▶ **EXERCISE REQUIREMENTS**
Could you report every line from the entries that includes the word "rule"?
[DATA SUPPLIED]
(* Let $\psi$ satisfy Assumption $(\mathrm{A}_\ell)$ for some $\ell\ge 0$, and let $(\eta,v)$ with $\eta\in\mathcal C^1([0,\infty);\mathcal C(\overline\Omega_0))$, $v$ continuous, be a solution of the Lagrangian system (L) with initial history $v_s\in\mathcal C([-\tau,0]\times\overline\Omega_0)$ (compatible with $\eta$ as described in the context). Assume $R_V<+\infty$ and the flocking condition \[ d_V(0)+\int_{-\tau}^0 d_V(s)\,ds<\int_{d_X(-\tau)+R_V\tau}^\infty\widetilde\psi(s)\,ds . \] Then $\sup_{t\ge0}d_X(t)<+\infty$, and there is a constant $C>0$ independent of time such that \[ d_V(t)\le\Big(\max_{s\in[-\tau,0]}d_V(s)\Big)e^{-Ct}\qquad\text{for all }t\ge0. \]
   Context: Let $d\in\mathbb N$, $\tau\ge0$, $\Omega_0\subset\mathbb R^d$ a bounded open set, $\rho_0:\Omega_0\to[0,\infty)$ integrable with $\int_{\Omega_0}\rho_0=1$. Assumption $(\mathrm{A}_\ell)$: $\psi:\mathbb R^d\to(0,\infty)$ is continuous, $\psi(x)=\widetilde\psi(|x|)$ with $\widetilde\psi:[0,\infty)\to(0,\infty)$ nonincreasing, positive, bounded, $\widetilde\psi(0)=1$; if $\ell\ge1$, $\psi$ is $\mathcal C^\ell$ with uniformly bounded derivatives up to order $\ell$. Lagrangian system (L): for $x\in\Omega_0$, $t>0$: $\frac{d\eta_t(x)}{dt}=v_t(x)$, $\frac{dv_t(x)}{dt}=\frac{\int_{\Omega_0}\psi(\eta_t(x)-\eta_{t-\tau}(y))\rho_0(y)v_{t-\tau}(y)dy}{\int_{\Omega_0}\psi(\eta_t(x)-\eta_{t-\tau}(y))\rho_0(y)dy}-v_t(x)$, with prescribed initial history $(\eta_s,v_s)$, $s\in[-\tau,0]$, where $\eta_0(x)=x$ and $\frac{d\eta_s(x)}{ds}=v_s(x)$ for $s\in[-\tau,0]$ (the history is a piece of the characteristic flow). Notation: $d_X(t):=\max_{x,y\in\overline\Omega_0}|\eta_t(x)-\eta_t(y)|$, $d_V(t):=\max_{x,y\in\overline\Omega_0}|v_t(x)-v_t(y)|$ for $t\ge-\tau$, and $R_V:=\max_{s\in[-\tau,0]}\max_{x\in\overline\Omega_0}|v_s(x)|$. *)

theory Defs
  imports "HOL-Analysis.Analysis"
begin

text \<open>Assumption (A_0): psi radial, psi(x) = psit(|x|), psit positive, bounded,
  nonincreasing on [0,oo), psit 0 = 1, psi continuous.  (A_l) for l >= 1 only adds
  smoothness, so the theorem for "some l >= 0" is exactly the theorem under (A_0).\<close>
definition psi_assm :: "('a::euclidean_space \<Rightarrow> real) \<Rightarrow> (real \<Rightarrow> real) \<Rightarrow> bool" where
  "psi_assm psi psit \<longleftrightarrow>
     continuous_on UNIV psi \<and>
     (\<forall>x. psi x = psit (norm x)) \<and>
     (\<forall>r\<ge>0. psit r > 0) \<and>
     (\<forall>r s. 0 \<le> r \<longrightarrow> r \<le> s \<longrightarrow> psit s \<le> psit r) \<and>
     bdd_above (psit ` {0..}) \<and>
     psit 0 = 1"
lemma majority_sign_recovers:
  fixes xi z0 z :: "'a \<Rightarrow> int"
  assumes "finite S" and xi: "xi ` S \<subseteq> {-1, 1}"
    and c: "c \<in> {-1, 1}" and z0: "\<forall>C\<in>S. z0 C = c * xi C"
    and flip: "card S < 2 * card {C \<in> S. z0 C = -1} \<longrightarrow> z = (\<lambda>C. - z0 C)"
    and keep: "2 * card {C \<in> S. z0 C = -1} < card S \<longrightarrow> z = z0"
    and minority: "2 * card {C \<in> S. xi C = -1} < card S"
  shows "{C \<in> S. z C = -1} = {C \<in> S. xi C = -1}"
proof (cases "c = 1")
  case True
  then have "{C \<in> S. z0 C = -1} = {C \<in> S. xi C = -1}"
    using z0 by auto
  then show ?thesis
    using keep minority z0 True by auto
next
  case False
  then have c: "c = -1"
    using c by simp
  have "{C \<in> S. z0 C = -1} = S - {C \<in> S. xi C = -1}"
    using z0 xi c by force
  moreover have "card (S - {C \<in> S. xi C = -1}) = card S - card {C \<in> S. xi C = -1}"
    using assms(1) by (intro card_Diff_subset) auto
  ultimately have "card S < 2 * card {C \<in> S. z0 C = -1}"
    using minority by simp
  then show ?thesis
    using flip z0 c by auto
qed

lemma Pi_pmf_xi_values:
  assumes "finite A" and "xi \<in> set_pmf (Pi_pmf A 1 (\<lambda>_. xi_pmf \<eta>))" and "x \<in> A"
  shows "xi x \<in> {-1, 1}"
proof -
  have "xi x \<in> set_pmf (xi_pmf \<eta>)"
    using assms(2,3) set_Pi_pmf[OF assms(1), of 1 "\<lambda>_. xi_pmf \<eta>"] by (auto simp: PiE_dflt_def)
  then show ?thesis
    by (auto simp: xi_pmf_def)
qed

lemma count_minus_one_binomial:
  assumes "finite A" and "B \<subseteq> A" and "0 \<le> \<eta>" and "\<eta> \<le> 1"
  shows "map_pmf (\<lambda>xi. card {x \<in> B. xi x = -1}) (Pi_pmf A 1 (\<lambda>_. xi_pmf \<eta>))
         = binomial_pmf (card B) \<eta>"
proof -
  define sign :: "bool \<Rightarrow> int" where "sign b = (if b then -1 else 1)" for b
  define restrict where "restrict f x = (if x \<in> B then f x else False)" for f :: "_ \<Rightarrow> bool" and x
  have count: "card {x \<in> B. sign (f x) = -1} = card {x \<in> B. restrict f x}" for f
    by (rule arg_cong[where f = card]) (auto simp: sign_def restrict_def)
  have "Pi_pmf A 1 (\<lambda>_. xi_pmf \<eta>) = map_pmf ((\<circ>) sign) (Pi_pmf A False (\<lambda>_. bernoulli_pmf \<eta>))"
    unfolding xi_pmf_def using assms(1) by (subst Pi_pmf_map) (auto simp: sign_def[abs_def])
  then have "map_pmf (\<lambda>xi. card {x \<in> B. xi x = -1}) (Pi_pmf A 1 (\<lambda>_. xi_pmf \<eta>))
      = map_pmf (\<lambda>f. card {x \<in> B. f x}) (map_pmf restrict (Pi_pmf A False (\<lambda>_. bernoulli_pmf \<eta>)))"
    by (simp add: map_pmf_comp count)
  also have "map_pmf restrict (Pi_pmf A False (\<lambda>_. bernoulli_pmf \<eta>)) = Pi_pmf B False (\<lambda>_. bernoulli_pmf \<eta>)"
    unfolding restrict_def[abs_def] using assms(1,2) by (rule Pi_pmf_subset[symmetric])
  also have "map_pmf (\<lambda>f. card {x \<in> B. f x}) \<dots> = binomial_pmf (card B) \<eta>"
    using assms finite_subset by (intro binomial_pmf_altdef'[symmetric]) auto
  finally show ?thesis .
qed

lemma prob_minus_one_majority_le:
  assumes "finite A" and "B \<subseteq> A" and "B \<noteq> {}" and "0 \<le> \<eta>" and "\<eta> < 1/2"
  shows "measure_pmf.prob (Pi_pmf A 1 (\<lambda>_. xi_pmf \<eta>)) {xi. card B \<le> 2 * card {x \<in> B. xi x = -1}}
         \<le> exp (- real (card B) * (1 - 2 * \<eta>)\<^sup>2 / 2)"
proof -
  let ?n = "card B"
  define \<delta> where "\<delta> = real ?n * (1/2 - \<eta>)"
  have n: "0 < ?n"
    using assms(1-3) finite_subset card_gt_0_iff by blast
  have threshold: "{j. real ?n * \<eta> + \<delta> \<le> real j} = {j. ?n \<le> 2 * j}"
    by (auto simp: \<delta>_def algebra_simps)
  have "measure_pmf.prob (Pi_pmf A 1 (\<lambda>_. xi_pmf \<eta>)) {xi. ?n \<le> 2 * card {x \<in> B. xi x = -1}}
      = measure_pmf.prob (map_pmf (\<lambda>xi. card {x \<in> B. xi x = -1}) (Pi_pmf A 1 (\<lambda>_. xi_pmf \<eta>)))
          {j. ?n \<le> 2 * j}"
    by (simp add: vimage_def)
  also have "\<dots> = measure_pmf.prob (binomial_pmf ?n \<eta>) {j. real ?n * \<eta> + \<delta> \<le> real j}"
    using count_minus_one_binomial[OF assms(1,2,4)] assms(5) threshold
    by simp
  also have "\<dots> \<le> exp (-2 * \<delta>\<^sup>2 / real ?n)"
    using assms(4,5) n by (intro binomial_distribution.prob_ge) (auto simp: binomial_distribution_def \<delta>_def)
  also have "-2 * \<delta>\<^sup>2 / real ?n = - real ?n * (1 - 2 * \<eta>)\<^sup>2 / 2"
    using n by (simp add: \<delta>_def power2_eq_square field_simps)
  finally show ?thesis .
qed

lemma card_filter_Times_singleton: "card {x \<in> {u} \<times> S. Q x} = card {y \<in> S. Q (u, y)}"
proof -
  have "{x \<in> {u} \<times> S. Q x} = Pair u ` {y \<in> S. Q (u, y)}"
    by auto
  then show ?thesis
    by (simp add: card_image inj_on_def)
qed

lemma mult_exp_le_inverse_power:
  fixes t :: real
  assumes "2 \<le> n" and "p \<le> n ^ k" and "2 * real k * ln (real n) \<le> t"
  shows "real p * exp (- t) \<le> 1 / real n ^ k"
proof -
  have "exp (real (2 * k) * ln (real n)) = real n ^ (2 * k)"
    using assms(1) by (subst exp_of_nat_mult) simp
  then have "exp (- (real (2 * k) * ln (real n))) = 1 / real n ^ (2 * k)"
    by (simp add: exp_minus inverse_eq_divide)
  moreover have "exp (- t) \<le> exp (- (real (2 * k) * ln (real n)))"
    using assms(3) by simp
  ultimately have "exp (- t) \<le> 1 / real n ^ (2 * k)"
    by simp
  then have "real p * exp (- t) \<le> real (n ^ k) * (1 / real n ^ (2 * k))"
    using assms(2) by (intro mult_mono) auto
  also have "\<dots> = 1 / real n ^ k"
    using assms(1) by (simp add: power_mult mult_2 power_add)
  finally show ?thesis .
qed

lemma hoeffding_exponent_ge:
  fixes a d :: real
  assumes "1 \<le> k" and "2 \<le> n" and "0 < d" and "24 * real k / d * ln (real n) \<le> 2 * a"
  shows "0 < a" and "2 * real k * ln (real n) \<le> a * d / 2"
proof -
  have kn: "0 < real k * ln (real n)"
    using assms(1,2) by simp
  have "0 < 24 * (real k * ln (real n)) / d"
    using kn assms(3) by simp
  then show "0 < a"
    using assms(4) by (simp add: algebra_simps)
  have "24 * real k / d * ln (real n) * d \<le> 2 * a * d"
    using mult_right_mono[OF assms(4), of d] assms(3) by simp
  then have "24 * (real k * ln (real n)) \<le> 2 * a * d"
    using assms(3) by (simp add: algebra_simps)
  then show "2 * real k * ln (real n) \<le> a * d / 2"
    using kn by simp
qed

text \<open>The parameter \<open>a\<close> stands for \<open>m / (2 p)\<close>, the common size of the two halves of a block.\<close>
locale paired_blocks =
  fixes p a :: nat and L R :: "nat \<Rightarrow> 'a set" and P :: "nat \<Rightarrow> ('a \<times> 'a) set"
    and eps :: "nat \<Rightarrow> real"
  assumes finite_blocks: "u \<in> {1..p} \<Longrightarrow> finite (L u) \<and> finite (R u)"
    and disjoint_blocks: "u \<in> {1..p} \<Longrightarrow> L u \<inter> R u = {}"
    and card_blocks: "u \<in> {1..p} \<Longrightarrow> card (L u) = a \<and> card (R u) = a"
    and pairs_subset: "u \<in> {1..p} \<Longrightarrow> P u \<subseteq> L u \<times> R u"
    and card_pairs: "u \<in> {1..p} \<Longrightarrow> real (card (P u)) = (1 - eps u) * real a ^ 2"
    and eps_nonneg: "u \<in> {1..p} \<Longrightarrow> 0 \<le> eps u"
    and a_pos: "0 < a"
begin

abbreviation H :: "nat \<Rightarrow> 'a set" where
  "H u \<equiv> L u \<union> R u"

lemma card_H: "u \<in> {1..p} \<Longrightarrow> card (H u) = 2 * a"
  using finite_blocks disjoint_blocks card_blocks by (simp add: card_Un_disjoint)

lemma dense_block:
  "u \<in> {1..p} \<Longrightarrow> eps u < 1/3 \<Longrightarrow> dense_bipartite_graph (L u) (R u) (P u) a (eps u)"
  using finite_blocks disjoint_blocks card_blocks pairs_subset card_pairs a_pos
  by unfold_locales auto

definition giant :: "nat \<Rightarrow> 'a set" where
  "giant u = (THE S. is_largest_component (H u) (P u) S)"

lemma largest_component_eq_giant:
  assumes "u \<in> {1..p}" and "eps u < 1/3"
  shows "is_largest_component (H u) (P u) S \<longleftrightarrow> S = giant u"
  using dense_bipartite_graph.ex1_largest_component[OF dense_block[OF assms]]
  unfolding giant_def by (metis the_equality)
[/DATA SUPPLIED]
▶ **WRITTEN REPLY**
    by (rule arg_cong[where f = card]) (auto simp: sign_def restrict_def)
    unfolding restrict_def[abs_def] using assms(1,2) by (rule Pi_pmf_subset[symmetric])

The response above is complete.